Утром вопрос был решен окончательно, и бабушка с достоинством объявила свое решение Ненси:
– Ненси, mon enfant, все это очень… очень печально! Я не о том мечтала для тебя… Mais, que faire?[83]– пусть будет так, как ты того желаешь.
Ненси бросилась к ней на шею, осыпая поцелуями, и ураганом понеслась, с радостной вестью, в обрыву.
Юрий уже ждал ее. Он забрался чуть не с самого утра и сгорал от нетерпения.

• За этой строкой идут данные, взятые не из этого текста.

theorem theoremB1:
  fixes lam :: "'k::finite \<Rightarrow> real" and beta :: real
  assumes lam_ge: "\<forall>k. lam k \<ge> 1"
    and beta_pos: "beta > 0"
  defines "B \<equiv> 2 + 1 / (real CARD('k) + 1)^2 + 2 / (real CARD('k) * (real CARD('k) + 1))
                 + beta * (2 + 1 / Min (range lam) + 1 / (\<Sum>k\<in>UNIV. lam k))"
  shows "(\<forall>e y i. (\<forall>k. e k \<ge> 0) \<longrightarrow> y \<in> label_space \<longrightarrow>
            (\<exists>D. ((\<lambda>t. vi_edl lam beta ((\<lambda>k. e k + lam k)(i := t)) y)
                     has_real_derivative D) (at (e i + lam i)) \<and> \<bar>D\<bar> \<le> B))
       \<and> (\<forall>e e' y. (\<forall>k. e k \<ge> 0) \<longrightarrow> (\<forall>k. e' k \<ge> 0) \<longrightarrow> y \<in> label_space \<longrightarrow>
            \<bar>vi_edl lam beta (\<lambda>k. e k + lam k) y - vi_edl lam beta (\<lambda>k. e' k + lam k) y\<bar>
              \<le> B * (\<Sum>k\<in>UNIV. \<bar>e k - e' k\<bar>))"
proof -
  have lam_nonneg: "\<And>k. 0 \<le> lam k"
    using lam_ge by (auto intro: order.trans[OF zero_le_one])
  have "1 \<le> Min (range lam)"
    using lam_ge by (auto intro!: Min.boundedI)
  then have "0 \<le> beta * (1 / Min (range lam) + 1 / (\<Sum>k\<in>UNIV. lam k))"
    using beta_pos lam_nonneg by (intro mult_nonneg_nonneg add_nonneg_nonneg) (auto intro: sum_nonneg)
  then have slack:
      "2 + 1 / (real CARD('k) + 1)^2 + 2 / (real CARD('k) * (real CARD('k) + 1)) + 2 * beta \<le> B"
    unfolding B_def by (simp add: algebra_simps)
  have alpha_ge: "1 \<le> alpha k" if "\<And>k. alpha k \<in> {lam k..}" for alpha k
    using that[of k] lam_ge by (auto intro: order.trans)
  have deriv: "((\<lambda>t. vi_edl lam beta (alpha(i := t)) y)
      has_real_derivative vi_edl_partial lam beta alpha y i) (at (alpha i))"
    if "\<And>k. alpha k \<in> {lam k..}" for alpha y i
    using alpha_ge[OF that] by (intro has_real_derivative_vi_edl) (meson less_le_trans zero_less_one)
  have bound: "\<bar>vi_edl_partial lam beta alpha y i\<bar> \<le> B"
    if "\<And>k. alpha k \<in> {lam k..}" and "y \<in> label_space" for alpha y i
    using that alpha_ge[OF that(1)] lam_nonneg beta_pos
    by (intro order.trans[OF abs_vi_edl_partial_le slack]) auto
  show ?thesis
  proof (intro conjI allI impI)
    fix e y :: "'k \<Rightarrow> real" and i :: 'k
    assume e: "\<forall>k. 0 \<le> e k" and y: "y \<in> label_space"
    have alpha: "e k + lam k \<in> {lam k..}" for k
      using e by simp
    show "\<exists>D. ((\<lambda>t. vi_edl lam beta ((\<lambda>k. e k + lam k)(i := t)) y) has_real_derivative D)
        (at (e i + lam i)) \<and> \<bar>D\<bar> \<le> B"
      using deriv[OF alpha] bound[OF alpha y] by blast
  next
    fix e e' y :: "'k \<Rightarrow> real"
    assume "\<forall>k. 0 \<le> e k" "\<forall>k. 0 \<le> e' k" and y: "y \<in> label_space"
    then have "\<bar>vi_edl lam beta (\<lambda>k. e k + lam k) y - vi_edl lam beta (\<lambda>k. e' k + lam k) y\<bar>
        \<le> B * (\<Sum>k\<in>UNIV. \<bar>(e k + lam k) - (e' k + lam k)\<bar>)"
      by (intro partial_derivatives_bound[where X = "\<lambda>k. {lam k..}"
            and F = "\<lambda>alpha. vi_edl lam beta alpha y"
            and F' = "\<lambda>alpha i. vi_edl_partial lam beta alpha y i"] deriv bound[OF _ y])
         (auto simp: convex_real_interval)
    then show "\<bar>vi_edl lam beta (\<lambda>k. e k + lam k) y - vi_edl lam beta (\<lambda>k. e' k + lam k) y\<bar>
        \<le> B * (\<Sum>k\<in>UNIV. \<bar>e k - e' k\<bar>)"
      by simp
  qed
qed

end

– Все решено – я выхожу за вас замуж! – крикнула ему Ненси, сияющая, запыхавшаяся…
Что-то невероятное произошло в сердце юноши. Он сам не отдавал себе отчета в своем чувстве. Он благоговел, он преклонялся перед Ненси, обожал ее, готов был сложить за нее голову, но такой простой исход и на мысль ему не приходил. А теперь, вдруг, все стало ясно для него. Ну да! она – его жена! Иначе не могло быть, и не может!
Весь трепетный, стыдливо и несмело, он протянул к ней руки, а она прижалась крепко к его молодой груди.
В траве стрекотал кузнечик, ручей тихо журчал, шумели деревья… И вся природа, – свидетельница их поцелуя, – казалось, ликовала вместе с ними и пела им радостный гимн любви.
Они уселись на свой камень; они болтали, болтали что-то бессвязное, смеялись, беспрестанно целуясь, – опять болтали, опять целовались, опять смеялись…
– Прощай!.. – сказала, наконец, раскрасневшаяся Ненси, целуя его «в последний из последних» раз. – Сегодня вечером ты к нам придешь.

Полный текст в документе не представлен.